Des soldats de maintien de la paix patrouillent à Bangui, le 30 septembre 2015. (AP Photo)

Des musulmans armés ont tué au moins deux personnes, samedi, dans des quartiers chrétiens du sud-ouest de Bangui. Dans ce contexte violent, la présidente centrafricaine a assuré que les élections et le référendum se tiendraient avant fin 2015.

Regain de violences en République centrafricaine. Au moins deux personnes ont été tuées et plusieurs blessées, samedi 31 octobre à Bangui, par des musulmans armés qui ont lancé de nouvelles attaques contre des quartiers abritant des chrétiens dans le sud-ouest, selon une source militaire.

"En tout, deux personnes ont été tuées et plusieurs blessées dans des violences qui ont repris en milieu de journée au PK5 (quartier musulman) et dans les quartiers chrétiens du sud-ouest. Plusieurs maisons ont été incendiées et des tirs nourris ont été entendus dans ces quartiers chrétiens investis par des musulmans armés", a précisé cette source.

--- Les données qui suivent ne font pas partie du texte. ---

text \<open>The set X (0-indexed: for each k<n, the commutator of x_0^{m_0}...x_{k-1}^{m_{k-1}} with x_k is trivial).\<close>
definition Xset :: "('a, 'b) monoid_scheme \<Rightarrow> (nat \<Rightarrow> 'a) \<Rightarrow> nat \<Rightarrow> 'a set" where
  "Xset G x n = {gprod G x m n | m. m \<in> Zn n \<and>
      (\<forall>k<n. comm G (gprod G x m k) (x k) = \<one>\<^bsub>G\<^esub>)}"

definition Pset :: "('a, 'b) monoid_scheme \<Rightarrow> (nat \<Rightarrow> 'a) \<Rightarrow> nat \<Rightarrow> 'a set \<Rightarrow> 'a set" where
  "Pset G x n C = Xset G x n \<inter> centralizer_of G C"

definition Vexp :: "('a, 'b) monoid_scheme \<Rightarrow> (nat \<Rightarrow> 'a) \<Rightarrow> nat \<Rightarrow> nat \<Rightarrow> nat" where
  "Vexp G x i j = (LEAST V::nat. 0 < V \<and> comm G (x i [^]\<^bsub>G\<^esub> V) (x j) = \<one>\<^bsub>G\<^esub>)"

definition vexp :: "('a, 'b) monoid_scheme \<Rightarrow> (nat \<Rightarrow> 'a) \<Rightarrow> 'a set \<Rightarrow> nat \<Rightarrow> nat" where
  "vexp G x C i = (LEAST v::nat. 0 < v \<and> x i [^]\<^bsub>G\<^esub> v \<in> centralizer_of G C)"

definition mexp :: "('a, 'b) monoid_scheme \<Rightarrow> (nat \<Rightarrow> 'a) \<Rightarrow> nat \<Rightarrow> 'a set \<Rightarrow> nat \<Rightarrow> nat" where
  "mexp G x n C i = Lcm ({Vexp G x i j | j. i < j \<and> j < n} \<union> {vexp G x C i})"
(* Let $m\in[1..\frac n2-1]$ and let $\tau=(\tau_i)_{i\in[1..n]}\in\{\frac1n,\frac12,1-\frac1n\}^n$. Let $x,y\in\{0,1\}^n$ be sampled independently from the distribution associated with $\tau$, and let $z$ be the winner of $x$ and $y$ with respect to $\mathrm{DLB}$ (the one with larger $\mathrm{DLB}$-value, chosen uniformly at random among the two in case of a tie). Then, conditioned on $\{\min\{\mathrm{DLB}(x),\mathrm{DLB}(y)\}\ge 2m\}$, we have $z_{2m+1}=1$ with probability $$p(\tau_{2m+1},\tau_{2m+2})=\tau_{2m+1}\left(-\tau_{2m+2}^2+3\tau_{2m+2}+(\tau_{2m+2}^2-3\tau_{2m+2}+1)\tau_{2m+1}\right).$$ If $\tau_{2m+1},\tau_{2m+2}\in\{\frac12,1-\frac1n\}$, then $p(\tau_{2m+1},\tau_{2m+2})\ge\tau_{2m+1}$. If moreover $\tau_{2m+1}=\frac12$ and $\tau_{2m+2}\in\{\frac12,1-\frac1n\}$, then $p(\tau_{2m+1},\tau_{2m+2})\ge\frac9{16}$.
   Context: Let $n$ be an even positive integer. For $x\in\{0,1\}^n$ consider the blocks $(x_{2\ell+1},x_{2\ell+2})$, $\ell=0,\dots,\frac n2-1$. If $x\neq(1,\dots,1)$, let $m$ be the smallest $\ell$ with $x_{2\ell+1}\neq 1$ or $x_{2\ell+2}\neq 1$, and define $\mathrm{DLB}(x)=2m+1$ if $x_{2m+1}+x_{2m+2}=0$ and $\mathrm{DLB}(x)=2m$ if $x_{2m+1}+x_{2m+2}=1$; set $\mathrm{DLB}(1,\dots,1)=n$. The distribution on $\{0,1\}^n$ associated with a frequency vector $\tau\in[0,1]^n$ is the one in which each bit $x_i$ is independently $1$ with probability $\tau_i$ and $0$ otherwise. *)

theory Defs
  imports "HOL-Probability.Probability"
begin

text \<open>Bit strings x in {0,1}^n are functions nat => bool, indexed 1..n (True = 1).\<close>

definition DLB :: "nat \<Rightarrow> (nat \<Rightarrow> bool) \<Rightarrow> nat" where
  "DLB n x =
     (if (\<forall>l < n div 2. x (2*l+1) \<and> x (2*l+2)) then n
      else (let k = (LEAST l. \<not> (x (2*l+1) \<and> x (2*l+2))) in
            if \<not> x (2*k+1) \<and> \<not> x (2*k+2) then 2*k+1 else 2*k))"

definition freq_dist :: "nat \<Rightarrow> (nat \<Rightarrow> real) \<Rightarrow> (nat \<Rightarrow> bool) pmf" where
  "freq_dist n \<tau> = Pi_pmf {1..n} False (\<lambda>i. bernoulli_pmf (\<tau> i))"

definition winner :: "nat \<Rightarrow> (nat \<Rightarrow> bool) \<Rightarrow> (nat \<Rightarrow> bool) \<Rightarrow> (nat \<Rightarrow> bool) pmf" where
  "winner n x y =
     (if DLB n x > DLB n y then return_pmf x
      else if DLB n y > DLB n x then return_pmf y
      else map_pmf (\<lambda>b. if b then x else y) (bernoulli_pmf (1/2)))"

definition tournament :: "nat \<Rightarrow> (nat \<Rightarrow> real) \<Rightarrow> ((nat \<Rightarrow> bool) \<times> (nat \<Rightarrow> bool) \<times> (nat \<Rightarrow> bool)) pmf" where
  "tournament n \<tau> =
     do { x \<leftarrow> freq_dist n \<tau>; y \<leftarrow> freq_dist n \<tau>; z \<leftarrow> winner n x y; return_pmf (x, y, z) }"

definition cond_prob :: "'a pmf \<Rightarrow> 'a set \<Rightarrow> 'a set \<Rightarrow> real" where
  "cond_prob M A B = measure_pmf.prob M (A \<inter> B) / measure_pmf.prob M B"

definition p_fun :: "real \<Rightarrow> real \<Rightarrow> real" where
  "p_fun a t = a * (- (t^2) + 3*t + (t^2 - 3*t + 1) * a)"

end

theory Submission
  imports Defs
begin

(* Condition on both parents having their first m blocks equal to (1,1). Then the DLB
   comparison of x and y is decided by block m alone, ranked (1,1) > (0,0) > mixed; if both
   blocks are (1,1) the comparison is decided further right, but then bit 2m+1 of the winner
   is 1 either way. Under the product distribution block m is independent of the prefix
   event, so its probability (squared, for the two parents) cancels in the conditional
   probability, which becomes the outcome of a duel of two independent blocks with bit
   probabilities tau_(2m+1) and tau_(2m+2); summing over the 16 outcomes gives p. Both
   inequalities reduce to 3t - t^2 >= 5/4 for t in [1/2, 1]. *)

lemma measure_bind_pmf:
  "measure_pmf.prob (bind_pmf M f) A = (\<integral>x. measure_pmf.prob (f x) A \<partial>M)"
  unfolding measure_pmf_bind
  by (rule measure_pmf.measure_bind[where N="count_space UNIV"])
     (auto simp: measurable_pmf_measure1 space_subprob_algebra measure_pmf.subprob_space_axioms)

lemma Pi_pmf_map_pair_independent:
  assumes "finite I" "J \<subseteq> I"
    and h: "\<And>x y. (\<forall>i\<in>J. x i = y i) \<Longrightarrow> h x = h y"
    and f: "\<And>x y. (\<forall>i. i \<notin> J \<longrightarrow> x i = y i) \<Longrightarrow> f x = f y"
  shows "map_pmf (\<lambda>x. (h x, f x)) (Pi_pmf I d p)
       = pair_pmf (map_pmf h (Pi_pmf I d p)) (map_pmf f (Pi_pmf I d p))"
proof -
  let ?P = "pair_pmf (Pi_pmf J d p) (Pi_pmf (I - J) d p)"
  let ?merge = "\<lambda>(u, v) i. if i \<in> J then u i else v i"
  have "J \<union> (I - J) = I" using assms(2) by blast
  then have Pi: "Pi_pmf I d p = map_pmf ?merge ?P"
    using Pi_pmf_union[of J "I - J" d p] assms(1,2) by (simp add: finite_subset)
  have h_merge: "h (?merge uv) = h (fst uv)" for uv
    by (cases uv) (auto intro: h)
  have f_merge: "f (?merge uv) = f (snd uv)" for uv
    by (cases uv) (auto intro: f)
  have "map_pmf (\<lambda>x. (h x, f x)) (Pi_pmf I d p) = map_pmf (\<lambda>(u, v). (h u, f v)) ?P"
    unfolding Pi pmf.map_comp o_def h_merge f_merge by (simp add: case_prod_unfold)
  also have "\<dots> = pair_pmf (map_pmf h (Pi_pmf J d p)) (map_pmf f (Pi_pmf (I - J) d p))"
    by (rule map_pair)
  also have "map_pmf h (Pi_pmf J d p) = map_pmf h (Pi_pmf I d p)"
    unfolding Pi pmf.map_comp o_def h_merge
    by (simp add: pmf.map_comp[symmetric, unfolded o_def] map_fst_pair_pmf)
  also have "map_pmf f (Pi_pmf (I - J) d p) = map_pmf f (Pi_pmf I d p)"
    unfolding Pi pmf.map_comp o_def f_merge
    by (simp add: pmf.map_comp[symmetric, unfolded o_def] map_snd_pair_pmf)
  finally show ?thesis .
qed

lemma integral_pair_pmf:
  fixes f :: "'a::finite \<times> 'b::finite \<Rightarrow> real"
  shows "(\<integral>z. f z \<partial>pair_pmf A B) = (\<integral>a. \<integral>b. f (a, b) \<partial>B \<partial>A)"
proof -
  have "(\<integral>z. f z \<partial>pair_pmf A B) = (\<Sum>z\<in>UNIV. f z * pmf (pair_pmf A B) z)"
    by (rule integral_measure_pmf_real) auto
  also have "\<dots> = (\<Sum>a\<in>UNIV. \<Sum>b\<in>UNIV. f (a, b) * (pmf A a * pmf B b))"
    using pmf_pair[of A B "fst z" "snd z" for z]
    by (subst sum.cartesian_product) (simp add: case_prod_beta)
  also have "\<dots> = (\<integral>a. \<integral>b. f (a, b) \<partial>B \<partial>A)"
    by (simp add: integral_measure_pmf_real[of UNIV] sum_distrib_left mult_ac)
  finally show ?thesis .
qed

lemma integral_independent_mult:
  fixes f :: "'b::finite \<Rightarrow> real" and h :: "'c::finite \<Rightarrow> real"
  assumes "map_pmf (\<lambda>x. (\<beta> x, \<gamma> x)) M = pair_pmf (map_pmf \<beta> M) (map_pmf \<gamma> M)"
  shows "(\<integral>x. f (\<beta> x) * h (\<gamma> x) \<partial>M)
       = (\<integral>b. f b \<partial>map_pmf \<beta> M) * (\<integral>c. h c \<partial>map_pmf \<gamma> M)"
proof -
  have "(\<integral>x. f (\<beta> x) * h (\<gamma> x) \<partial>M)
      = (\<integral>z. f (fst z) * h (snd z) \<partial>map_pmf (\<lambda>x. (\<beta> x, \<gamma> x)) M)"
    by simp
  also have "\<dots> = (\<integral>b. \<integral>c. f b * h c \<partial>map_pmf \<gamma> M \<partial>map_pmf \<beta> M)"
    by (simp only: assms integral_pair_pmf fst_conv snd_conv)
  finally show ?thesis by simp
qed

lemma integral_guarded_iid:
  fixes \<beta> :: "'a \<Rightarrow> 'b::finite" and F :: "'b \<Rightarrow> 'b \<Rightarrow> real"
  assumes indep: "map_pmf (\<lambda>x. (\<beta> x, g x)) M = pair_pmf (map_pmf \<beta> M) (map_pmf g M)"
  shows "(\<integral>x. \<integral>y. of_bool (g x \<and> g y) * F (\<beta> x) (\<beta> y) \<partial>M \<partial>M)
       = (measure_pmf.prob M {x. g x})\<^sup>2 * (\<integral>b. \<integral>b'. F b b' \<partial>map_pmf \<beta> M \<partial>map_pmf \<beta> M)"
proof -
  let ?\<gamma> = "measure_pmf.prob M {x. g x}"
  let ?\<Phi> = "\<lambda>b. \<integral>b'. F b b' \<partial>map_pmf \<beta> M"
  have "(\<integral>c. of_bool c \<partial>map_pmf g M) = (\<integral>x. indicator {x. g x} x \<partial>M :: real)"
    by (simp add: indicator_def)
  then have guard: "(\<integral>c. of_bool c \<partial>map_pmf g M) = ?\<gamma>"
    by simp
  have inner: "(\<integral>y. F b (\<beta> y) * of_bool (g y) \<partial>M) = ?\<Phi> b * ?\<gamma>" for b
    using integral_independent_mult[OF indep, of "F b" of_bool] guard by simp
  have "(\<integral>x. \<integral>y. of_bool (g x \<and> g y) * F (\<beta> x) (\<beta> y) \<partial>M \<partial>M)
      = (\<integral>x. of_bool (g x) * (\<integral>y. F (\<beta> x) (\<beta> y) * of_bool (g y) \<partial>M) \<partial>M)"
    by (simp add: of_bool_conj mult_ac flip: integral_mult_right_zero)
  also have "\<dots> = (\<integral>x. (?\<Phi> (\<beta> x) * of_bool (g x)) * ?\<gamma> \<partial>M)"
    unfolding inner by (simp only: mult_ac)
  also have "\<dots> = (\<integral>x. ?\<Phi> (\<beta> x) * of_bool (g x) \<partial>M) * ?\<gamma>"
    by (rule integral_mult_left_zero)
  also have "\<dots> = ?\<gamma>\<^sup>2 * (\<integral>b. ?\<Phi> b \<partial>map_pmf \<beta> M)"
    using integral_independent_mult[OF indep, of ?\<Phi> of_bool] guard by (simp add: power2_eq_square)
  finally show ?thesis .
qed

definition leading_blocks_ones :: "nat \<Rightarrow> (nat \<Rightarrow> bool) \<Rightarrow> bool" where
  "leading_blocks_ones m x \<longleftrightarrow> (\<forall>l<m. x (2*l+1) \<and> x (2*l+2))"

lemma leading_blocks_ones_iff: "leading_blocks_ones m x \<longleftrightarrow> (\<forall>i\<in>{1..2*m}. x i)"
proof
  assume lead: "leading_blocks_ones m x"
  show "\<forall>i\<in>{1..2*m}. x i"
  proof
    fix i assume i: "i \<in> {1..2*m}"
    define l where "l = (i - 1) div 2"
    have "l < m" and "i = 2*l+1 \<or> i = 2*l+2" using i unfolding l_def by auto
    then show "x i" using lead unfolding leading_blocks_ones_def by blast
  qed
qed (auto simp: leading_blocks_ones_def)

lemma DLB_first_defect:
  assumes "l < n div 2" "leading_blocks_ones l x" "\<not> (x (2*l+1) \<and> x (2*l+2))"
  shows "DLB n x = (if x (2*l+1) \<or> x (2*l+2) then 2*l else 2*l+1)"
proof -
  have "(LEAST k. \<not> (x (2*k+1) \<and> x (2*k+2))) = l"
    using assms(2,3) by (intro Least_equality) (auto simp: leading_blocks_ones_def not_le[symmetric])
  with assms show ?thesis by (auto simp: DLB_def Let_def)
qed

lemma DLB_ge_iff:
  assumes "m \<le> n div 2"
  shows "2*m \<le> DLB n x \<longleftrightarrow> leading_blocks_ones m x"
proof (cases "\<forall>l < n div 2. x (2*l+1) \<and> x (2*l+2)")
  case True
  with assms show ?thesis by (auto simp: DLB_def leading_blocks_ones_def)
next
  case False
  then obtain l where l: "l < n div 2" "\<not> (x (2*l+1) \<and> x (2*l+2))" by blast
  define k where "k = (LEAST k. \<not> (x (2*k+1) \<and> x (2*k+2)))"
  have defect: "\<not> (x (2*k+1) \<and> x (2*k+2))"
    unfolding k_def using l(2) by (rule LeastI)
  have "k \<le> l"
    unfolding k_def using l(2) by (rule Least_le)
  have below: "leading_blocks_ones k x"
    unfolding leading_blocks_ones_def k_def using not_less_Least by blast
  have "DLB n x \<in> {2*k, 2*k+1}"
    using DLB_first_defect[OF _ below defect] \<open>k \<le> l\<close> l(1) by simp
  then have "2*m \<le> DLB n x \<longleftrightarrow> m \<le> k" by auto
  also have "\<dots> \<longleftrightarrow> leading_blocks_ones m x"
    using defect below unfolding leading_blocks_ones_def by (meson less_le_trans not_le)
  finally show ?thesis .
qed

definition block :: "nat \<Rightarrow> (nat \<Rightarrow> bool) \<Rightarrow> bool \<times> bool" where
  "block l x = (x (2*l+1), x (2*l+2))"

fun block_rank :: "bool \<times> bool \<Rightarrow> nat" where
  "block_rank (u, v) = (if u \<and> v then 2 else if u \<or> v then 0 else 1)"

lemma block_rank_le_2: "block_rank b \<le> 2"
  by (cases b) simp

lemma DLB_at_block:
  assumes "m < n div 2" "leading_blocks_ones m x"
  shows "2*m + block_rank (block m x) \<le> DLB n x"
    and "block_rank (block m x) < 2 \<Longrightarrow> DLB n x = 2*m + block_rank (block m x)"
proof -
  show "block_rank (block m x) < 2 \<Longrightarrow> DLB n x = 2*m + block_rank (block m x)"
    using DLB_first_defect[OF assms] by (auto simp: block_def)
  show "2*m + block_rank (block m x) \<le> DLB n x"
  proof (cases "x (2*m+1) \<and> x (2*m+2)")
    case True
    with assms(2) have "leading_blocks_ones (Suc m) x"
      by (auto simp: leading_blocks_ones_def less_Suc_eq)
    with assms(1) True show ?thesis
      using DLB_ge_iff[of "Suc m" n x] by (simp add: block_def)
  next
    case False
    with DLB_first_defect[OF assms False] show ?thesis
      by (auto simp: block_def)
  qed
qed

"Les attaques ont été lancées contre ces quartiers, alors que des groupes d'individus se réclamant des anti-balaka (milices chrétiennes) appuyés par des éléments des forces armées centrafricaines, ont entrepris de se positionner dans les quartiers sud-ouest pour protéger les habitants des attaques des musulmans", a-t-elle ajouté.

Selon cette source, plusieurs centaines de personnes ont fui les quartiers attaqués, "des hommes, des femmes et des enfants couraient dans tous les sens pour s'éloigner de la zone des violences".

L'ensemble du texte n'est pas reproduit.